Total Cost = (FN × CFN) + (FP × CFP)
Increase the case weights for the samples in the minority classes. It applies to each observation.
Weights based on the size of the risk
1. Adjusting Prior Probabilities
Prior probability is the proportion of events and non-events in the imbalance classes. Using more balanced priors or a balanced training set may help deal with a class imbalance.
In CART, you can specify prior probability assigned to each class to adjust the importance of misclassifications for each class.
library(rpart)
library(rattle)
data(audit)
audit.rpart <- rpart(Adjusted ~ .,data=audit[,-12],parms=list(prior=c(.5,.5)))
2. Cost Sensitive Training / Loss Learning
It employs the misclassification costs into the learning algorithm. In a marketing predictive model, a false positive costs just one extra direct mail while a true positive may lead to conversion worth $100. In a healthcare model, a false negative screening for tuberculosis could be destructive.

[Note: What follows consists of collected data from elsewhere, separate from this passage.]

lemma directed_cycle_preimage:
  assumes "directed_cycle E s' t' C" "C \<subseteq> F"
    and "\<forall>e\<in>F. s' e = h (s e) \<and> t' e = h (t e)"
    and "inj_on h (s ` F \<union> t ` F)"
  shows "directed_cycle F s t C"
proof -
  obtain vs es where c: "es \<noteq> []" "length vs = length es" "distinct vs" "distinct es"
    "set es = C" "\<forall>i < length es. s' (es!i) = vs!i \<and> t' (es!i) = vs!((i+1) mod length es)"
    using assms(1) unfolding directed_cycle_def by blast
  have inF: "es!i \<in> F" if "i < length es" for i using c assms(2) that by auto
  have "vs = map h (map s es)"
    by (rule nth_equalityI) (use c inF assms(3) in auto)
  show ?thesis unfolding directed_cycle_def
  proof (intro exI[of _ "map s es"] exI[of _ es] conjI allI impI)
    show "distinct (map s es)" using c \<open>vs = map h (map s es)\<close> by (metis distinct_map)
    fix i assume i: "i < length es"
    let ?j = "(i+1) mod length es"
    have j: "?j < length es" using c by simp
    have "h (t (es!i)) = t' (es!i)" using inF[OF i] assms(3) by auto
    also have "\<dots> = s' (es!?j)" using c i j by auto
    also have "\<dots> = h (s (es!?j))" using inF[OF j] assms(3) by auto
    finally have "h (t (es!i)) = h (s (es!?j))" .
    then have "t (es!i) = s (es!?j)"
      using inF[OF i] inF[OF j] assms(4) by (auto dest: inj_onD)
    then show "t (es ! i) = map s es ! ?j" using j by simp
  qed (use c assms(2) in auto)
qed

section \<open>Sub-quotients of cacti\<close>

lemma same_fibres_factor:
  assumes "\<forall>u\<in>W. \<forall>v\<in>W. g u = g v \<longleftrightarrow> f u = f v"
  obtains h where "\<And>w. w \<in> W \<Longrightarrow> f w = h (g w)" "inj_on h (g ` W)"
proof
  let ?h = "f \<circ> inv_into W g"
  show "f w = ?h (g w)" if "w \<in> W" for w
    using assms that inv_into_into[of "g w" g W] f_inv_into_f[of "g w" g W] by auto
  then show "inj_on ?h (g ` W)"
    using assms by (auto intro!: inj_onI)
qed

In cost-sensitive training, we assign no cost to correct classifications (Cost(TP) and Cost(TN). In other words, cost(TP) and cost(TN) are set to 0. We assign higher cost to FALSE NEGATIVE (actual event predicted as non-event) than FALSE POSITIVE as prediction to event is our objective.
library(rpart)
library(rattle)
data(audit)
loss <- matrix(c(0, 1, 20, 0), ncol=2)
audit.rpart <- rpart(Adjusted ~ ., data=audit[,-12], parms=list(loss=loss))

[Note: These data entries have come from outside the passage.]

(* Let $p>q>0$ be relatively prime integers with Hirzebruch–Jung continued fraction expansion \[ \frac{p}{q} = [a_1,\ldots,a_n] = a_1 - \cfrac{1}{a_2 - \cfrac{1}{\ddots - \cfrac{1}{a_n}}}, \qquad a_i\geq 2. \] Then $\prod_{i=1}^n (a_i-1) \leq p$. Moreover, the inequality still holds if one (but not both) of the factors $a_1-1$ and $a_n-1$ is replaced by $a_1$ or $a_n$ respectively.
   Context: The Hirzebruch–Jung expansion is computed recursively: $p_1/q_1=p/q$, $p_i/q_i = a_i - q_{i+1}/p_{i+1}$ with $p_{i+1}=q_i$ and $0<q_{i+1}<p_{i+1}$, terminating when $q_n=1$. *)

theory Defs
  imports Complex_Main
begin

text \<open>Value of the Hirzebruch--Jung continued fraction
  [a_1,...,a_n] = a_1 - 1/(a_2 - 1/(... - 1/a_n)).
  The empty list is never used (value 0 as a dummy).\<close>
fun hjcf :: "int list \<Rightarrow> rat" where
  "hjcf [] = 0"
| "hjcf [a] = of_int a"
| "hjcf (a # b # as) = of_int a - 1 / hjcf (b # as)"

end

theory Submission
  imports Defs
begin

text \<open>Write the expansion as a fraction N/D via the recursion N' = a N - D, D' = N; then
  N - D \<ge> prod (a_i - 1) and D \<ge> 0 propagate along the list, and N \<ge> D gives the
  variants with a factor a_1 or a_n. The fraction is reduced (each step is unimodular),
  so N = p.\<close>

text \<open>(numerator, denominator); the empty expansion is \<infinity> = 1/0, so that [a] = a - 1/\<infinity>.\<close>
fun hjcf_frac :: "int list \<Rightarrow> int \<times> int" where
  "hjcf_frac [] = (1, 0)"
| "hjcf_frac (a # as) = (a * fst (hjcf_frac as) - snd (hjcf_frac as), fst (hjcf_frac as))"

lemma prod_list_pred_ge_1:
  fixes as :: "int list"
  assumes "\<forall>a \<in> set as. 2 \<le> a"
  shows "1 \<le> prod_list (map (\<lambda>a. a - 1) as)"
  using assms
proof (induction as)
  case (Cons a as)
  then show ?case
    using mult_mono[of 1 "a - 1" 1 "prod_list (map (\<lambda>a. a - 1) as)"] by simp
qed simp

lemma hjcf_frac_den_nonneg_and_gap:
  assumes "\<forall>a \<in> set as. 2 \<le> a"
  shows "0 \<le> snd (hjcf_frac as)"
    and "prod_list (map (\<lambda>a. a - 1) as) \<le> fst (hjcf_frac as) - snd (hjcf_frac as)"
  using assms
proof (induction as)
  case (Cons a as)
  show "0 \<le> snd (hjcf_frac (a # as))"
    and "prod_list (map (\<lambda>a. a - 1) (a # as))
      \<le> fst (hjcf_frac (a # as)) - snd (hjcf_frac (a # as))"
    if "\<forall>b \<in> set (a # as). 2 \<le> b"
  proof -
    define N D P where "N = fst (hjcf_frac as)" and "D = snd (hjcf_frac as)"
      and "P = prod_list (map (\<lambda>a. a - 1) as)"
    have a: "2 \<le> a" and as: "\<forall>a \<in> set as. 2 \<le> a" using that by auto
    have D: "0 \<le> D" and gap: "P \<le> N - D"
      using Cons.IH[OF as] by (simp_all add: N_def D_def P_def)
    have "1 \<le> P" using prod_list_pred_ge_1[OF as] by (simp add: P_def)
    then have "0 \<le> N" using D gap by linarith
    have "(a - 1) * P \<le> (a - 1) * (N - D)"
      using a gap by (intro mult_left_mono) auto
    moreover have "0 \<le> (a - 2) * D" using a D by simp
    ultimately have "(a - 1) * P \<le> (a * N - D) - N" by (simp add: algebra_simps)
    with \<open>0 \<le> N\<close> show "0 \<le> snd (hjcf_frac (a # as))"
      and "prod_list (map (\<lambda>a. a - 1) (a # as))
        \<le> fst (hjcf_frac (a # as)) - snd (hjcf_frac (a # as))"
      by (simp_all add: N_def D_def P_def)
  qed
qed simp_all

lemma hd_mult_prod_le_hjcf_num:
  assumes "\<forall>a \<in> set as. 2 \<le> a" and "as \<noteq> []"
  shows "hd as * prod_list (map (\<lambda>a. a - 1) (tl as)) \<le> fst (hjcf_frac as)"
proof -
  obtain a r where as: "as = a # r" using \<open>as \<noteq> []\<close> by (cases as) auto
  define N D where "N = fst (hjcf_frac r)" and "D = snd (hjcf_frac r)"
  have a: "2 \<le> a" and r: "\<forall>a \<in> set r. 2 \<le> a" using assms(1) as by auto
  have "a * prod_list (map (\<lambda>a. a - 1) r) \<le> a * (N - D)"
    using a hjcf_frac_den_nonneg_and_gap(2)[OF r] by (simp add: N_def D_def)
  also have "\<dots> \<le> a * N - D"
    using a mult_right_mono[of 1 a D] hjcf_frac_den_nonneg_and_gap(1)[OF r]
    by (simp add: D_def algebra_simps)
  finally show ?thesis by (simp add: as N_def D_def)
qed

lemma prod_mult_last_le_hjcf_num:
  assumes "\<forall>a \<in> set as. 2 \<le> a" and "as \<noteq> []"
  shows "prod_list (map (\<lambda>a. a - 1) (butlast as)) * last as \<le> fst (hjcf_frac as)"
  using assms
proof (induction as)
  case (Cons a r)
  show ?case
  proof (cases "r = []")
    case False
    define N D where "N = fst (hjcf_frac r)" and "D = snd (hjcf_frac r)"
    have a: "2 \<le> a" and r: "\<forall>a \<in> set r. 2 \<le> a" using Cons.prems by auto
    have "D \<le> N"
      using hjcf_frac_den_nonneg_and_gap[OF r] prod_list_pred_ge_1[OF r]
      by (simp add: N_def D_def)
    have "(a - 1) * (prod_list (map (\<lambda>a. a - 1) (butlast r)) * last r) \<le> (a - 1) * N"
      using Cons.IH[OF r False] a by (simp add: N_def mult_left_mono)
    also have "\<dots> \<le> a * N - D" using \<open>D \<le> N\<close> by (simp add: algebra_simps)
    finally show ?thesis using False by (simp add: N_def D_def mult.assoc)
  qed simp
qed simp

lemma hjcf_eq_hjcf_frac:
  assumes "\<forall>a \<in> set as. 2 \<le> a" and "as \<noteq> []"
  shows "hjcf as = of_int (fst (hjcf_frac as)) / of_int (snd (hjcf_frac as))"
  using assms
proof (induction as rule: hjcf.induct)
  case (3 a b r)
  define N D where "N = fst (hjcf_frac (b # r))" and "D = snd (hjcf_frac (b # r))"
  have bs: "\<forall>a \<in> set (b # r). 2 \<le> a" using "3.prems" by simp
  have "0 < N"
    using hjcf_frac_den_nonneg_and_gap[OF bs] prod_list_pred_ge_1[OF bs]
    by (simp add: N_def D_def)
  have "hjcf (a # b # r) = of_int a - 1 / (of_int N / of_int D)"
    using 3 by (simp add: N_def D_def)
  also have "\<dots> = (of_int a * of_int N - of_int D) / of_int N"
    using \<open>0 < N\<close> by (simp add: field_simps)
  finally show ?case by (simp add: N_def D_def)
qed simp_all

lemma coprime_hjcf_frac: "coprime (fst (hjcf_frac as)) (snd (hjcf_frac as))"
proof (induction as)
  case (Cons a as)
  have "gcd (fst (hjcf_frac as)) (a * fst (hjcf_frac as) + - snd (hjcf_frac as))
      = gcd (fst (hjcf_frac as)) (- snd (hjcf_frac as))"
    by (rule gcd_add_mult)
  with Cons show ?case
    by (simp add: coprime_iff_gcd_eq_1 gcd.commute algebra_simps)
qed simp

lemma hjcf_frac_num_eq_reduced_num:
  fixes p q :: int
  assumes "0 < q" and "0 < p" and "coprime p q"
    and "\<forall>a \<in> set as. 2 \<le> a" and "as \<noteq> []"
    and "of_int p / of_int q = hjcf as"
  shows "fst (hjcf_frac as) = p"
proof -
  define N D where "N = fst (hjcf_frac as)" and "D = snd (hjcf_frac as)"
  have D: "0 \<le> D" and gap: "prod_list (map (\<lambda>a. a - 1) as) \<le> N - D"
    using hjcf_frac_den_nonneg_and_gap[OF assms(4)] by (simp_all add: N_def D_def)
  have eq: "(of_int p / of_int q :: rat) = of_int N / of_int D"
    using assms(6) hjcf_eq_hjcf_frac[OF assms(4,5)] by (simp add: N_def D_def)
  with assms(1,2) D have "0 < D" by (cases "D = 0") auto
  with eq assms(1) have "p * D = N * q"
    by (simp add: field_simps flip: of_int_mult of_int_eq_iff)
  then have "\<bar>p\<bar> = \<bar>N\<bar>"
    using coprime_crossproduct_int[OF assms(3) coprime_hjcf_frac[of as, folded N_def D_def]]
    by (metis abs_mult)
  moreover have "0 \<le> N" using D gap prod_list_pred_ge_1[OF assms(4)] by linarith
  ultimately show ?thesis using assms(2) by (simp add: N_def)
qed

theorem mainTheorem7:
  fixes p q :: int and as :: "int list"
  assumes "0 < q" and "q < p" and "coprime p q"
    and "as \<noteq> []" and "\<forall>a \<in> set as. a \<ge> 2"
    and "of_int p / of_int q = hjcf as"
  shows "prod_list (map (\<lambda>a. a - 1) as) \<le> p
    \<and> hd as * prod_list (map (\<lambda>a. a - 1) (tl as)) \<le> p
    \<and> prod_list (map (\<lambda>a. a - 1) (butlast as)) * last as \<le> p"
proof -
  have as: "\<forall>a \<in> set as. 2 \<le> a" using assms(5) by simp
  have "fst (hjcf_frac as) = p"
    using hjcf_frac_num_eq_reduced_num[OF assms(1) _ assms(3) as assms(4,6)] assms(1,2) by simp
  then show ?thesis
    using hjcf_frac_den_nonneg_and_gap[OF as] hd_mult_prod_le_hjcf_num[OF as assms(4)]
      prod_mult_last_le_hjcf_num[OF as assms(4)]
    by auto
qed

end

The cost of mis-classifying a positive example as a negative observation (FN) as 20 units and cost of mis-classifying a negative example as positive (FP) as 1 unit.
C5.0 algorithm has similar syntax to rpart by taking a cost matrix, although this function uses the transpose of the cost matrix structure used by rpart:
library(C50)
library(rattle)
data(audit)
loss <- matrix(c(0, 20, 1, 0), ncol=2)
audit.rpart <- C50(Adjusted ~ ., data=audit[,-12], parms=list(loss=loss))
library(rattle)
data(audit)
loss <- matrix(c(0, 20, 1, 0), ncol=2)
audit.rpart <- C50(Adjusted ~ ., data=audit[,-12], parms=list(loss=loss))
3. Sampling
You can perform oversampling of events i.e. reducing non-events so that ratio gets rougly equal or classes become less skewed.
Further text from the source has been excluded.